Wednesday, September 5, 2007 at 12:14 PM ET
As Internet use continues to spread in the U.S., the government should pursue policies that help promote investment in, and greater consumer access to, faster and more robust broadband services. The current Internet tax moratorium is one policy that Congress has enacted to help make the internet a universally accessible, free, and open platform capable of delivering a rich variety of services to consumers.
With that moratorium due to expire this November, Google recently joined Don't Tax Our Web, a coalition of companies and associations dedicated to extending the current moratorium and reducing barriers to the Internet's continued growth.
The current moratorium prohibits three things: state and local taxation of Internet access, multiple taxes on a single e-commerce transaction, and taxes that discriminate against online transactions.

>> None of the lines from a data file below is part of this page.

(* Let $S=\mathbb{K}[x_1,\dots,x_n]$ be a polynomial ring over a field $\mathbb{K}$. Let $\mathcal{C}=(V,E)$ be a clutter with $V\subseteq\{x_1,\dots,x_n\}$, and let $\mathcal{C}'=(V,E')$ be the clutter obtained from $\mathcal{C}$ by removing all edges that contain a free vertex. Let $\beta(\mathcal{C}')$ be the matching number of $\mathcal{C}'$. Then \[ \operatorname{sreg}(S/I(\mathcal{C}))\le |V|-|E|+|E'|-\beta(\mathcal{C}'). \]
   Context: A clutter $\mathcal{C}=(V,E)$ consists of a finite vertex set $V$ and a collection $E$ of subsets of $V$ (edges), no edge containing another; vertices are identified with variables and $I(\mathcal{C})=(\prod_{x\in e}x : e\in E)\subset S$ is the edge ideal. An edge $e$ contains a free vertex if some $x\in e$ belongs to no other edge of $\mathcal{C}$. A matching is a set of pairwise disjoint edges; the matching number is the maximum size of a matching. Stanley regularity: for a squarefree monomial ideal $I\subset S$, a squarefree Stanley decomposition of $S/I$ is a decomposition $S/I=\bigoplus_{i=1}^r u_i\mathbb{K}[Z_i]$ as $\mathbb{K}$-vector spaces, where $Z_i\subseteq\{x_1,\dots,x_n\}$, $u_i$ are (images of) squarefree monomials with $\operatorname{supp}(u_i)\subseteq Z_i$, and each $u_i\mathbb{K}[Z_i]$ is the $\mathbb{K}$-span of $u_iv$, $v$ a monomial of $\mathbb{K}[Z_i]$, free over $\mathbb{K}[Z_i]$. Its Stanley regularity is $\max_i\deg(u_i)$, and $\operatorname{sreg}(S/I)$ is the minimum of this over all such decompositions. *)

theory Defs
  imports Main
begin

definition clutter :: "'a set \<Rightarrow> 'a set set \<Rightarrow> bool" where
  "clutter V E \<longleftrightarrow> finite V \<and> (\<forall>e\<in>E. e \<subseteq> V \<and> e \<noteq> {}) \<and>
     (\<forall>e\<in>E. \<forall>f\<in>E. e \<subseteq> f \<longrightarrow> e = f)"

definition free_vertex :: "'a set set \<Rightarrow> 'a set \<Rightarrow> 'a \<Rightarrow> bool" where
  "free_vertex E e x \<longleftrightarrow> x \<in> e \<and> (\<forall>f\<in>E. x \<in> f \<longrightarrow> f = e)"

definition has_free_vertex :: "'a set set \<Rightarrow> 'a set \<Rightarrow> bool" where
  "has_free_vertex E e \<longleftrightarrow> (\<exists>x. free_vertex E e x)"

definition remove_free_edges :: "'a set set \<Rightarrow> 'a set set" where
  "remove_free_edges E = {e\<in>E. \<not> has_free_vertex E e}"

definition matching :: "'a set set \<Rightarrow> 'a set set \<Rightarrow> bool" where
  "matching E M \<longleftrightarrow> M \<subseteq> E \<and> (\<forall>e\<in>M. \<forall>f\<in>M. e \<noteq> f \<longrightarrow> e \<inter> f = {})"
lemma pow_ell_le: "1 \<le> d \<Longrightarrow> 2 ^ ell d \<le> d"
  unfolding ell_def
  by (rule GreatestI_nat[where P = "\<lambda>l. (2::nat) ^ l \<le> d" and k = 0 and b = d])
    (auto intro: le_if_pow2_le)

lemma less_pow_Suc_ell: "d < 2 ^ Suc (ell d)"
proof (rule ccontr)
  assume "\<not> d < 2 ^ Suc (ell d)"
  then have "Suc (ell d) \<le> ell d"
    unfolding ell_def
    by (intro Greatest_le_nat[where P = "\<lambda>l. (2::nat) ^ l \<le> d" and b = d])
      (auto intro: le_if_pow2_le)
  then show False by simp
qed

lemma Iset_step: "2 \<le> d \<Longrightarrow> Iset d = {1..ell d} \<union> (\<lambda>j. j + ell d + 1) ` Iset (d - 2 ^ ell d + 1)"
  by (subst Iset.simps) simp

declare Iset.simps [simp del]

lemma mod_pow_Suc_eq_pow_iff:
  "(x::nat) mod 2 ^ Suc k = 2 ^ k \<longleftrightarrow> 2 ^ k dvd x \<and> \<not> 2 ^ Suc k dvd x"
proof -
  have digits: "x mod (2 * 2 ^ k) = 2 ^ k * (x div 2 ^ k mod 2) + x mod 2 ^ k"
    using mod_mult2_eq'[of x "2 ^ k" 2] by (simp add: mult.commute)
  have "x mod 2 ^ k \<noteq> 2 ^ k" by (metis mod_less_divisor nless_le zero_less_numeral zero_less_power)
  moreover have "x div 2 ^ k mod 2 = 0 \<or> x div 2 ^ k mod 2 = 1" by presburger
  ultimately show ?thesis
    by (elim disjE) (auto simp: digits dvd_eq_mod_eq_0)
qed

lemma exists_exact_pow2_dvd: "\<not> (2::nat) ^ l dvd x \<Longrightarrow> \<exists>i<l. 2 ^ i dvd x \<and> \<not> 2 ^ Suc i dvd x"
  by (induction l) (auto intro: less_SucI)

lemma mult_pow_less_pow_iff: "2 ^ k * q < (2::nat) ^ n \<longleftrightarrow> q < 2 ^ (n - k)"
proof (cases "k \<le> n")
  case True
  then have "(2::nat) ^ n = 2 ^ k * 2 ^ (n - k)" by (simp add: power_add[symmetric])
  then show ?thesis by simp
next
  case False
  then have "(2::nat) ^ n < 2 ^ k" by simp
  then have "\<not> 2 ^ k * q < (2::nat) ^ n" if "q \<noteq> 0"
    using that by (metis One_nat_def Suc_leI less_le_trans mult.right_neutral mult_le_mono2 neq0_conv not_less_iff_gr_or_eq)
  then show ?thesis using False by (cases "q = 0") auto
qed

We support a permanent extension of the moratorium because multiple or discriminatory taxes on internet transactions could damage internet-based commerce, a critical and growing component of our economy.
What are these "multiple or discriminatory" taxes, exactly? Imagine a web user who purchases a music file (maybe "One Week" by the Barenaked Ladies, which was released in 1998, the year the original moratorium was signed into law by President Clinton). Under current law, the transaction couldn't be taxed at a higher rate than if the sale had occurred in a physical store or through any means other than the Internet. In addition, the moratorium prohibits more than one state, or more than locality, from taxing the transaction. Protecting internet-based transactions like this from multiple and discriminatory taxes makes a lot of sense to us.
Keeping Internet access tax-free is also another way that government can help further the growth of the web to all corners of the U.S. At a time when American policymakers are working to increase broadband penetration rates and improve the quality of broadband services to consumers, we believe that increasing barriers to access -- whether they are created by the government or by the private sector -- will only frustrate our common goal of greater access to better broadband for all consumers.
We look forward to working with the members of Congress championing this issue and with the Don't Tax Our Web coalition to extend the internet tax moratorium.